(* Let $f:\mathbb{R}^n\to\mathbb{R}^n$ be continuously differentiable, $b_0\in\mathbb{R}^n_{\ge0}$, $\mu,\theta>0$, $r:=\mu/\theta$, and let $x^*\in\mathbb{R}^n_{\ge0}$, $u_*>0$ satisfy $x^*_n=r$ and $f(x^* )-u_*re_n+b_0=0$. Assume that the Jacobian $J:=\partial f/\partial x(x^* )$ is Metzler and Hurwitz stable. Then for all $\eta,k_p>0$ the equilibrium $\big(x^*,\ \mu/(\eta u_* ),\ u_*/k_p\big)$ of $\dot x=f(x)-k_px_nz_2e_n+b_0$, $\dot z_1=\mu-\eta k_pz_1z_2$, $\dot z_2=\theta x_n-\eta k_pz_1z_2$ is locally exponentially stable.
   Context: $e_i$ standard basis vectors; $x_n=e_n^Tx$. Metzler: all off-diagonal entries nonnegative (this holds for instance when $f$ is cooperative). Hurwitz stable: all eigenvalues have negative real part. An equilibrium is called locally exponentially stable here if the Jacobian matrix of the vector field at the equilibrium is Hurwitz stable. *)

theory Defs
  imports "HOL-Analysis.Analysis"
begin

text \<open>Complex eigenvalue of a real linear map L on a real vector space:
  lambda is an eigenvalue of the complexification, i.e. L(u + i v) = lambda (u + i v)
  for some nonzero complex vector u + i v, written in real and imaginary parts.\<close>
definition complex_eigenvalue :: "('a::real_vector \<Rightarrow> 'a) \<Rightarrow> complex \<Rightarrow> bool" where
  "complex_eigenvalue L lam \<longleftrightarrow>
     (\<exists>u v. (u \<noteq> 0 \<or> v \<noteq> 0) \<and>
        L u = Re lam *\<^sub>R u - Im lam *\<^sub>R v \<and>
        L v = Im lam *\<^sub>R u + Re lam *\<^sub>R v)"

definition hurwitz_lin :: "('a::real_vector \<Rightarrow> 'a) \<Rightarrow> bool" where
  "hurwitz_lin L \<longleftrightarrow> (\<forall>lam. complex_eigenvalue L lam \<longrightarrow> Re lam < 0)"
lemma nn_integral_cumulative_swap:
  fixes M :: "real measure" and g w :: "real \<Rightarrow> ennreal"
  assumes "sigma_finite_measure M" and M: "sets M = sets borel"
    and [measurable]: "g \<in> borel_measurable borel" "w \<in> borel_measurable borel"
  shows "(\<integral>\<^sup>+ r. w r * (\<integral>\<^sup>+ x. indicator {..r} x * g x \<partial>M) \<partial>lborel)
    = (\<integral>\<^sup>+ x. g x * (\<integral>\<^sup>+ r. indicator {x..} r * w r \<partial>lborel) \<partial>M)"
proof -
  interpret pair_sigma_finite M lborel
    using assms(1) by (simp add: pair_sigma_finite_def lborel.sigma_finite_measure_axioms)
  note [measurable_cong] = M
  have "(\<lambda>(x, r). w r * (indicator {..r} x * g x))
      = (\<lambda>p. w (snd p) * (if fst p \<le> snd p then g (fst p) else 0))"
    by (auto simp: indicator_def)
  also have "\<dots> \<in> borel_measurable (M \<Otimes>\<^sub>M lborel)"
    by measurable
  finally have joint: "(\<lambda>(x, r). w r * (indicator {..r} x * g x)) \<in> borel_measurable (M \<Otimes>\<^sub>M lborel)" .
  have "(\<integral>\<^sup>+ r. w r * (\<integral>\<^sup>+ x. indicator {..r} x * g x \<partial>M) \<partial>lborel)
      = (\<integral>\<^sup>+ r. (\<integral>\<^sup>+ x. w r * (indicator {..r} x * g x) \<partial>M) \<partial>lborel)"
    by (simp add: nn_integral_cmult)
  also have "\<dots> = (\<integral>\<^sup>+ x. (\<integral>\<^sup>+ r. w r * (indicator {..r} x * g x) \<partial>lborel) \<partial>M)"
    by (rule Fubini'[OF joint])
  also have "\<dots> = (\<integral>\<^sup>+ x. g x * (\<integral>\<^sup>+ r. indicator {x..} r * w r \<partial>lborel) \<partial>M)"
  proof (rule nn_integral_cong)
    fix x
    have "(\<integral>\<^sup>+ r. w r * (indicator {..r} x * g x) \<partial>lborel) = (\<integral>\<^sup>+ r. g x * (indicator {x..} r * w r) \<partial>lborel)"
      by (intro nn_integral_cong) (simp add: indicator_def mult.commute)
    then show "(\<integral>\<^sup>+ r. w r * (indicator {..r} x * g x) \<partial>lborel) = g x * (\<integral>\<^sup>+ r. indicator {x..} r * w r \<partial>lborel)"
      by (simp add: nn_integral_cmult)
  qed
  finally show ?thesis .
qed

lemma nn_integral_exp_neg_on_positive_atLeast:
  fixes c d :: real
  assumes "0 < c" and "0 < d"
  shows "(\<integral>\<^sup>+ r. indicator {c..} r * ennreal (indicator {0<..} r * exp (- d * r)) \<partial>lborel)
    = ennreal (exp (- d * c) / d)"
proof -
  have "(\<integral>\<^sup>+ r. indicator {c..} r * ennreal (indicator {0<..} r * exp (- d * r)) \<partial>lborel)
      = (\<integral>\<^sup>+ r. ennreal (indicator {c..} r * exp (- d * r)) \<partial>lborel)"
    using assms(1) by (intro nn_integral_cong) (simp add: indicator_def)
  also have "\<dots> = ennreal (exp (- d * c) / d)"
    by (rule nn_integral_exp_neg_atLeast[OF assms(2)])
  finally show ?thesis .
qed

context
  fixes M :: "real measure" and g :: "real \<Rightarrow> real"
  assumes sets_M: "sets M = sets borel" and integrable_g: "integrable M g"
    and g_nonneg: "\<And>x. 0 \<le> g x"
begin

lemma integrable_indicator_atMost_mult: "integrable M (\<lambda>x. indicator {..r} x * g x)"
  using integrable_mult_indicator[OF _ integrable_g, of "{..r}"] by (simp add: sets_M)

lemma mono_cumulative_integral: "mono (\<lambda>r. \<integral>x. indicator {..r} x * g x \<partial>M)"
proof (rule monoI)
  fix r s :: real
  assume "r \<le> s"
  then show "(\<integral>x. indicator {..r} x * g x \<partial>M) \<le> (\<integral>x. indicator {..s} x * g x \<partial>M)"
    by (intro integral_mono integrable_indicator_atMost_mult) (auto simp: indicator_def g_nonneg)
qed

lemma ennreal_cumulative_integral:
  "ennreal (\<integral>x. indicator {..r} x * g x \<partial>M) = (\<integral>\<^sup>+ x. indicator {..r} x * ennreal (g x) \<partial>M)"
proof -
  have "(\<integral>\<^sup>+ x. ennreal (indicator {..r} x * g x) \<partial>M) = ennreal (\<integral>x. indicator {..r} x * g x \<partial>M)"
    by (rule nn_integral_eq_integral) (auto simp: integrable_indicator_atMost_mult g_nonneg)
  then show ?thesis
    by (simp add: indicator_mult_ennreal)
qed

lemma integrable_exp_neg_mult:
  assumes "\<And>x. x \<le> 0 \<Longrightarrow> g x = 0" and "0 \<le> d"
  shows "integrable M (\<lambda>x. exp (- d * x) * g x)"
proof (rule Bochner_Integration.integrable_bound[OF integrable_g])
  show "(\<lambda>x. exp (- d * x) * g x) \<in> borel_measurable M"
    using borel_measurable_integrable[OF integrable_g]
    unfolding measurable_cong_sets[OF sets_M refl] by measurable
  show "AE x in M. norm (exp (- d * x) * g x) \<le> norm (g x)"
  proof (rule AE_I2)
    fix x
    show "norm (exp (- d * x) * g x) \<le> norm (g x)"
      using assms g_nonneg[of x] by (cases "0 < x") (auto simp: mult_left_le_one_le)
  qed
qed

lemma nn_integral_exp_neg_tail:
  assumes g_nonpos: "\<And>x. x \<le> 0 \<Longrightarrow> g x = 0" and d: "0 < d"
  shows "(\<integral>\<^sup>+ x. ennreal (g x) *
      (\<integral>\<^sup>+ r. indicator {x..} r * ennreal (indicator {0<..} r * exp (- d * r)) \<partial>lborel) \<partial>M)
    = ennreal ((\<integral>x. exp (- d * x) * g x \<partial>M) / d)"
proof -
  have "(\<integral>\<^sup>+ x. ennreal (g x) *
      (\<integral>\<^sup>+ r. indicator {x..} r * ennreal (indicator {0<..} r * exp (- d * r)) \<partial>lborel) \<partial>M)
      = (\<integral>\<^sup>+ x. ennreal (exp (- d * x) * g x / d) \<partial>M)"
  proof (rule nn_integral_cong)
    fix x
    show "ennreal (g x) * (\<integral>\<^sup>+ r. indicator {x..} r * ennreal (indicator {0<..} r * exp (- d * r)) \<partial>lborel)
        = ennreal (exp (- d * x) * g x / d)"
      using g_nonneg[of x] g_nonpos[of x] nn_integral_exp_neg_on_positive_atLeast[of x d] d
      by (cases "0 < x") (simp_all add: ennreal_mult'[symmetric] mult.commute)
  qed
  also have "\<dots> = ennreal (\<integral>x. exp (- d * x) * g x / d \<partial>M)"
    using integrable_exp_neg_mult[OF g_nonpos, of d] d g_nonneg
    by (intro nn_integral_eq_integral) auto
  finally show ?thesis
    by simp
qed

end

lemma has_bochner_integral_exp_cumulative:
  fixes M :: "real measure" and f :: "real \<Rightarrow> real" and d :: real
  assumes "sigma_finite_measure M" and M: "sets M = sets borel"
    and f: "set_integrable M {0<..} f" and f_nonneg: "\<And>x. 0 < x \<Longrightarrow> 0 \<le> f x"
    and d: "d > 0"
  shows "has_bochner_integral lborel
      (\<lambda>r. indicator {0<..} r * exp (- d * r) * (LINT x:{0<..r}|M. f x))
      ((LINT x:{0<..}|M. exp (- d * x) * f x) / d)"
proof -
  define w where "w r = indicator {0<..} r * exp (- d * r)" for r :: real
  define g where "g x = indicator {0<..} x * f x" for x :: real
  define C where "C r = (\<integral>x. indicator {..r} x * g x \<partial>M)" for r
  note [measurable_cong] = M
  have [measurable]: "w \<in> borel_measurable borel"
    unfolding w_def[abs_def] by measurable
  have g_int: "integrable M g"
    using f unfolding g_def by (simp add: set_integrable_def)
  have g_nonneg: "0 \<le> g x" and g_nonpos: "x \<le> 0 \<Longrightarrow> g x = 0" for x
    by (simp_all add: g_def f_nonneg indicator_def)
  have [measurable]: "g \<in> borel_measurable borel"
    using borel_measurable_integrable[OF g_int] by simp
  have C_nonneg: "0 \<le> C r" for r
    unfolding C_def by (intro Bochner_Integration.integral_nonneg) (simp add: g_nonneg)
  have [measurable]: "C \<in> borel_measurable borel"
    unfolding C_def[abs_def] using mono_cumulative_integral[OF M g_int g_nonneg]
    by (rule borel_measurable_mono)
  have "(\<integral>\<^sup>+ r. ennreal (w r * C r) \<partial>lborel)
      = (\<integral>\<^sup>+ r. ennreal (w r) * (\<integral>\<^sup>+ x. indicator {..r} x * ennreal (g x) \<partial>M) \<partial>lborel)"
    using C_nonneg ennreal_cumulative_integral[OF M g_int g_nonneg]
    by (intro nn_integral_cong) (simp add: w_def C_def ennreal_mult)
  also have "\<dots> = (\<integral>\<^sup>+ x. ennreal (g x) * (\<integral>\<^sup>+ r. indicator {x..} r * ennreal (w r) \<partial>lborel) \<partial>M)"
    by (rule nn_integral_cumulative_swap[OF assms(1) M]) measurable
  also have "\<dots> = ennreal ((\<integral>x. exp (- d * x) * g x \<partial>M) / d)"
    unfolding w_def by (rule nn_integral_exp_neg_tail[OF M g_int g_nonneg g_nonpos d])
  finally have "has_bochner_integral lborel (\<lambda>r. w r * C r) ((\<integral>x. exp (- d * x) * g x \<partial>M) / d)"
    using d
    by (intro has_bochner_integral_nn_integral)
      (auto simp: w_def C_nonneg g_nonneg intro!: divide_nonneg_pos Bochner_Integration.integral_nonneg)
  moreover have "C r = (LINT x:{0<..r}|M. f x)" for r
    unfolding C_def set_lebesgue_integral_def g_def
    by (intro Bochner_Integration.integral_cong) (auto simp: indicator_def)
  moreover have "(\<integral>x. exp (- d * x) * g x \<partial>M) = (LINT x:{0<..}|M. exp (- d * x) * f x)"
    by (simp add: set_lebesgue_integral_def g_def mult.left_commute)
  ultimately show ?thesis
    by (simp add: w_def)
qed
text \<open>Vertices are encoded as pairs (alpha, i) of naturals. The canonical label of
  v_{alpha,i}: v_{alpha,0} = v_{0,0} and v_{alpha,n_alpha} = v_{0,n_0}.\<close>
definition bvert :: "(nat \<Rightarrow> nat) \<Rightarrow> nat \<Rightarrow> nat \<Rightarrow> nat \<times> nat" where
  "bvert n \<alpha> i = (if i = 0 then (0, 0) else if i = n \<alpha> then (0, n 0) else (\<alpha>, i))"

definition bverts :: "nat \<Rightarrow> (nat \<Rightarrow> nat) \<Rightarrow> (nat \<times> nat) set" where
  "bverts g n = {bvert n \<alpha> i | \<alpha> i. \<alpha> \<le> g \<and> i \<le> n \<alpha>}"

text \<open>Edges: for each path alpha and each 0 <= i < n_alpha there is one edge
  joining v_{alpha,i} and v_{alpha,i+1}. bmult u w = number of edges joining u and w.\<close>
definition bedges :: "nat \<Rightarrow> (nat \<Rightarrow> nat) \<Rightarrow> (nat \<times> nat) set" where
  "bedges g n = {(\<alpha>, i). \<alpha> \<le> g \<and> i < n \<alpha>}"

definition bmult :: "nat \<Rightarrow> (nat \<Rightarrow> nat) \<Rightarrow> nat \<times> nat \<Rightarrow> nat \<times> nat \<Rightarrow> nat" where
  "bmult g n u w = card {e \<in> bedges g n.
      (bvert n (fst e) (snd e), bvert n (fst e) (Suc (snd e))) = (u, w) \<or>
      (bvert n (fst e) (snd e), bvert n (fst e) (Suc (snd e))) = (w, u)}"

definition bval :: "nat \<Rightarrow> (nat \<Rightarrow> nat) \<Rightarrow> nat \<times> nat \<Rightarrow> nat" where
  "bval g n w = (\<Sum>u \<in> bverts g n - {w}. bmult g n u w)"

definition fire_delta :: "nat \<Rightarrow> (nat \<Rightarrow> nat) \<Rightarrow> nat \<times> nat \<Rightarrow> nat \<times> nat \<Rightarrow> int" where
  "fire_delta g n w u = (if u = w then - int (bval g n w) else int (bmult g n u w))"

definition indic :: "'a \<Rightarrow> 'a \<Rightarrow> int" where
  "indic v u = (if u = v then 1 else 0)"

definition Div0 :: "nat \<Rightarrow> (nat \<Rightarrow> nat) \<Rightarrow> ((nat \<times> nat) \<Rightarrow> int) monoid" where
  "Div0 g n = \<lparr> carrier = {D. (\<forall>u. u \<notin> bverts g n \<longrightarrow> D u = 0) \<and> (\<Sum>u \<in> bverts g n. D u) = 0},
               monoid.mult = (\<lambda>D E u. D u + E u), one = (\<lambda>u. 0) \<rparr>"

text \<open>Principal divisors: integer combinations of firing moves (linear equivalence is
  generated by chip-firing).\<close>
definition Prin :: "nat \<Rightarrow> (nat \<Rightarrow> nat) \<Rightarrow> ((nat \<times> nat) \<Rightarrow> int) set" where
  "Prin g n = {(\<lambda>u. \<Sum>w \<in> bverts g n. c w * fire_delta g n w u) | c. True}"

definition Jac :: "nat \<Rightarrow> (nat \<Rightarrow> nat) \<Rightarrow> ((nat \<times> nat) \<Rightarrow> int) set monoid" where
  "Jac g n = Div0 g n Mod Prin g n"

definition Zg :: "nat \<Rightarrow> (nat \<Rightarrow> int) monoid" where
  "Zg g = \<lparr> carrier = {a. \<forall>i. g < i \<longrightarrow> a i = 0},
            monoid.mult = (\<lambda>a b i. a i + b i), one = (\<lambda>i. 0) \<rparr>"

definition Kgen :: "nat \<Rightarrow> (nat \<Rightarrow> nat) \<Rightarrow> (nat \<Rightarrow> int) set" where
  "Kgen g n = {(\<lambda>i. if i \<le> g then 1 else 0)} \<union>
     {(\<lambda>i. int (n 0) * indic 0 i - int (n \<alpha>) * indic \<alpha> i) | \<alpha>. 1 \<le> \<alpha> \<and> \<alpha> \<le> g}"

definition Ksub :: "nat \<Rightarrow> (nat \<Rightarrow> nat) \<Rightarrow> (nat \<Rightarrow> int) set" where
  "Ksub g n = generate (Zg g) (Kgen g n)"

end

theory Submission
  imports Defs
begin

text \<open>Firing a script \<open>c\<close> adds to a divisor, for every edge \<open>s \<longrightarrow> t\<close>, the term
  \<open>(c t - c s)(s - t)\<close>. The interior vertices of each path have degree two, so
  \<open>v\<^sub>\<alpha>\<^sub>,\<^sub>i - v\<^sub>0\<^sub>,\<^sub>0\<close> is equivalent to \<open>i (v\<^sub>\<alpha>\<^sub>,\<^sub>1 - v\<^sub>0\<^sub>,\<^sub>0)\<close>; hence
  \<open>a \<mapsto> \<Sum>\<^sub>\<alpha> a\<^sub>\<alpha> (v\<^sub>\<alpha>\<^sub>,\<^sub>1 - v\<^sub>0\<^sub>,\<^sub>0)\<close> is onto the Jacobian and kills \<open>K\<close>.
  Conversely, if this divisor is the one obtained by firing \<open>c\<close>, then \<open>c\<close> has vanishing second
  differences in the interior of each path except for a jump \<open>a\<^sub>\<alpha>\<close> at \<open>v\<^sub>\<alpha>\<^sub>,\<^sub>1\<close>, so \<open>c\<close> is
  affine along path \<open>\<alpha>\<close> with some slope \<open>d\<^sub>\<alpha>\<close>. Comparing the two ends of the paths gives
  \<open>a\<^sub>\<alpha> = n\<^sub>\<alpha> d\<^sub>\<alpha> - T\<close> with \<open>T = c v\<^sub>0\<^sub>,\<^sub>n\<^sub>0 - c v\<^sub>0\<^sub>,\<^sub>0\<close>, and the value at \<open>v\<^sub>0\<^sub>,\<^sub>0\<close> gives
  \<open>\<Sum>\<^sub>\<alpha> d\<^sub>\<alpha> = 0\<close>; this writes \<open>a\<close> in terms of the generators of \<open>K\<close>.\<close>

definition edge_src :: "(nat \<Rightarrow> nat) \<Rightarrow> nat \<times> nat \<Rightarrow> nat \<times> nat" where
  "edge_src n e = bvert n (fst e) (snd e)"
lemma adj_mat_sandwich_path_down:
  assumes "k < n"
  shows "adj_mat (\<Delta> n * path_down v B n k * \<Gamma> n) = (-1) ^ Suc k \<cdot>\<^sub>m (\<Delta> n * path_up v B n k * \<Gamma> n)"
proof -
  note a = down_loop_carrier and b = up_loop_carrier
    and \<Gamma> = Lambda_A_centre(1) and \<Delta> = Lambda_A_centre(2) and perturbed = Lambda_A_centre(3)
  have "(down_loop n v B + \<Gamma> n * \<Delta> n) ^\<^sub>m n = 0\<^sub>m (v n) (v n)"
    by (simp add: perturbed pow_mat_smult[OF b] up_loop_nilpotent)
  then have "adj_mat (\<Delta> n * down_loop n v B ^\<^sub>m k * \<Gamma> n)
      = (-1) \<cdot>\<^sub>m (\<Delta> n * (down_loop n v B + \<Gamma> n * \<Delta> n) ^\<^sub>m k * \<Gamma> n)"
    by (rule sandwich_nilpotent_perturbation[OF a \<Gamma> \<Delta> down_loop_nilpotent])
  also have "\<dots> = (-1) ^ Suc k \<cdot>\<^sub>m (\<Delta> n * up_loop n v B ^\<^sub>m k * \<Gamma> n)"
    using \<Gamma> \<Delta> b by (auto simp: perturbed pow_mat_smult[OF b] mult_smult_distrib[of _ 2 "v n" _ "v n"]
        mult_smult_assoc_mat[of _ 2 "v n" _ 2] intro!: eq_matI)
  finally show ?thesis using path_down_centre[OF assms] path_up_centre[OF assms] by simp
qed

end

theorem lemma4p11:
  fixes n :: nat and v w :: "nat \<Rightarrow> nat"
    and B :: "nat \<Rightarrow> nat \<Rightarrow> complex mat" and \<Gamma> \<Delta> :: "nat \<Rightarrow> complex mat"
    and \<sigma> J :: "complex mat" and j :: nat
  assumes "n \<ge> 1"
    and "\<forall>i. 1 \<le> i \<and> i \<le> 2*n-1 \<longrightarrow> v i = v (2*n - i)"
    and "\<forall>i. w i = (if i = n then 2 else 0)"
    and "nonempty_cond n v"
    and "\<sigma> \<in> carrier_mat 2 2" and "\<sigma> * \<sigma> = 1\<^sub>m 2"
    and "J \<in> carrier_mat 2 2" and "transpose_mat J = - J" and "det J \<noteq> 0"
    and "Lambda_A n v w B \<Gamma> \<Delta>"
    and "1 \<le> j" and "j \<le> n"
  shows "form_transpose (\<lambda>x y. bilin J x (\<sigma> *\<^sub>v y)) 2 (\<Delta> n * path_down v B n (j-1) * \<Gamma> n)
         = ((-1) ^ j :: complex) \<cdot>\<^sub>m (\<sigma> * \<Delta> n * path_up v B n (j-1) * \<Gamma> n * \<sigma>)"
proof -
  note n = assms(1) and w = assms(3) and \<sigma> = assms(5) and L = assms(10)
  have k: "j - 1 < n" and j: "Suc (j - 1) = j" using assms(11,12) by auto
  note \<Gamma> = Lambda_A_centre(1)[OF n w L] and \<Delta> = Lambda_A_centre(2)[OF n w L]
  have down: "path_down v B n (j-1) \<in> carrier_mat (v n) (v n)"
    using path_down_centre[OF n w L k] down_loop_carrier[OF n w L] by simp
  have up: "path_up v B n (j-1) \<in> carrier_mat (v n) (v n)"
    using path_up_centre[OF n w L k] up_loop_carrier[OF n w L] by simp
  have "form_transpose (\<lambda>x y. bilin J x (\<sigma> *\<^sub>v y)) 2 (\<Delta> n * path_down v B n (j-1) * \<Gamma> n)
      = \<sigma> * adj_mat (\<Delta> n * path_down v B n (j-1) * \<Gamma> n) * \<sigma>"
    using \<Gamma> \<Delta> down assms(5-9) by (intro form_transpose_skew_involution) auto
  also have "\<dots> = \<sigma> * ((-1) ^ j \<cdot>\<^sub>m (\<Delta> n * path_up v B n (j-1) * \<Gamma> n)) * \<sigma>"
    using adj_mat_sandwich_path_down[OF n w L k] j by simp
  also have "\<dots> = (-1) ^ j \<cdot>\<^sub>m (\<sigma> * \<Delta> n * path_up v B n (j-1) * \<Gamma> n * \<sigma>)"
    using \<sigma> \<Gamma> \<Delta> up
    by (simp add: mult_smult_distrib[of \<sigma> 2 2 _ 2] mult_smult_assoc_mat[of _ 2 2 \<sigma> 2]
        assoc_mult_mat[of _ 2 "v n" _ "v n" _ 2] assoc_mult_mat[of _ 2 2 _ "v n" _ 2]
        assoc_mult_mat[of _ 2 2 _ "v n" _ "v n"] assoc_mult_mat[of _ 2 2 _ 2 _ 2]
        assoc_mult_mat[of _ 2 "v n" _ 2 _ 2] assoc_mult_mat[of _ "v n" 2 _ 2 _ 2])
  finally show ?thesis .
qed

end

• Task to carry out
Beginning with the line that has "note a = down_loop_carrier" and ending with the line that has "n * up_loop", set down the lines above exactly and include no others.

• Task solution
  note a = down_loop_carrier and b = up_loop_carrier
    and \<Gamma> = Lambda_A_centre(1) and \<Delta> = Lambda_A_centre(2) and perturbed = Lambda_A_centre(3)
  have "(down_loop n v B + \<Gamma> n * \<Delta> n) ^\<^sub>m n = 0\<^sub>m (v n) (v n)"
    by (simp add: perturbed pow_mat_smult[OF b] up_loop_nilpotent)
  then have "adj_mat (\<Delta> n * down_loop n v B ^\<^sub>m k * \<Gamma> n)
      = (-1) \<cdot>\<^sub>m (\<Delta> n * (down_loop n v B + \<Gamma> n * \<Delta> n) ^\<^sub>m k * \<Gamma> n)"
    by (rule sandwich_nilpotent_perturbation[OF a \<Gamma> \<Delta> down_loop_nilpotent])
  also have "\<dots> = (-1) ^ Suc k \<cdot>\<^sub>m (\<Delta> n * up_loop n v B ^\<^sub>m k * \<Gamma> n)"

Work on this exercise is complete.